With exposure. In many applications the counts are observed over different exposure periods \(e_i\) (time, area, number of opportunities). The model becomes \(Y_i \mid \lambda \sim \mathrm{Poisson}(e_i \lambda)\), and the sufficient statistics become \(\sum_i e_i\) and \(\sum_i y_i\). An exposure-weighted example appears in Appendix A ((Albert 2009)).

1.2 Prior

The rate \(\lambda > 0\) calls for a positive prior. The Gamma distribution in shape–rate form is the natural conjugate choice:

\[ p(\lambda) \;=\; \frac{\beta^\alpha}{\Gamma(\alpha)}\,\lambda^{\alpha-1}\,e^{-\beta\lambda}, \qquad \lambda > 0, \]

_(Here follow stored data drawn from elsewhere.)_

text \<open>The coding theorem.\<close>
theorem mainTheorem8:
  fixes W :: "nat \<Rightarrow> 'x \<Rightarrow> 'y pmf" and X :: "nat \<Rightarrow> 'x set"
    and c :: "nat \<Rightarrow> 'x \<Rightarrow> real" and K :: real
  assumes "\<And>n. countable (X n)"
    and "\<And>n. Xck X c K n \<noteq> {}"
  shows "(\<forall>R::real.
           Cp R W X c K =
             (INF P\<in>Pck X c K. Lim (at_right (0::real)) (\<lambda>\<gamma>. Ip (R - \<gamma>) P W))
         \<and> Cp R W X c K =
             (INF P\<in>Pck X c K. SUP Q::nat \<Rightarrow> 'y pmf.
                 Lim (at_right (0::real)) (\<lambda>\<gamma>. Jp (R - \<gamma>) P Q W)))
    \<and> (\<forall>eps::real. 0 \<le> eps \<and> eps < 1 \<longrightarrow>
           Ceps eps W X c K = (SUP P\<in>Pck X c K. Ieps eps P W)
         \<and> Ceps eps W X c K = (SUP P\<in>Pck X c K. INF Q::nat \<Rightarrow> 'y pmf. Jeps eps P Q W))"
proof (intro conjI allI impI)
  fix R :: real
  show "Cp R W X c K = (INF P\<in>Pck X c K. Lim (at_right (0::real)) (\<lambda>\<gamma>. Ip (R - \<gamma>) P W))"
    unfolding Ip_Lim by (rule Cp_eq_INF_spectrum[OF assms(2)])
  show "Cp R W X c K = (INF P\<in>Pck X c K. SUP Q::nat \<Rightarrow> 'y pmf. Lim (at_right (0::real)) (\<lambda>\<gamma>. Jp (R - \<gamma>) P Q W))"
    unfolding Jp_Lim SUP_Jp_eq_Ip by (rule Cp_eq_INF_spectrum[OF assms(2)])
next
  fix eps :: real
  show "Ceps eps W X c K = (SUP P\<in>Pck X c K. Ieps eps P W)"
    by (rule Ceps_eq_SUP_spectrum[OF assms(2)])
  show "Ceps eps W X c K = (SUP P\<in>Pck X c K. INF Q::nat \<Rightarrow> 'y pmf. Jeps eps P Q W)"
    unfolding Ieps_eq_INF_Jeps[symmetric] by (rule Ceps_eq_SUP_spectrum[OF assms(2)])
qed

end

with shape \(\alpha > 0\) and rate \(\beta > 0\). Its mean is \(\alpha/\beta\) and its variance is \(\alpha/\beta^2\).

Interpreting the parameters. Think of \(\alpha - 1\) as a “prior total count” and \(\beta\) as a “prior number of observations”. The prior mean \(\alpha/\beta\) is your pre-data estimate of the rate, and larger \(\beta\) encodes a stronger commitment to that estimate.

Note: many textbooks use shape–scale form (\(\theta = 1/\beta\)); glmbayes uses the shape–rate convention throughout.

1.3 Posterior derivation

Multiply the likelihood kernel \(e^{-n\lambda}\lambda^{\sum y_i}\) by the prior kernel \(\lambda^{\alpha-1}e^{-\beta\lambda}\):

\[ p(\lambda \mid y) \;\propto\; \lambda^{(\alpha + \sum y_i) - 1}\,e^{-(\beta + n)\lambda}. \]

This is a Gamma kernel, so the conjugate posterior is:

\[ \boxed{\lambda \mid y \;\sim\; \mathrm{Gamma}\!\left(\alpha + \textstyle\sum_i y_i,\;\; \beta + n\right).} \]

Update rule: add the total count to the shape, add the sample size (or total exposure) to the rate.

The posterior mean is

\[ \mathbb{E}[\lambda \mid y] \;=\; \frac{\alpha + \sum y_i}{\beta + n} \;=\; \frac{\beta}{\beta + n}\cdot\frac{\alpha}{\beta} \;+\; \frac{n}{\beta + n}\cdot\bar{y}, \]

again a weighted average of the prior mean and the data mean.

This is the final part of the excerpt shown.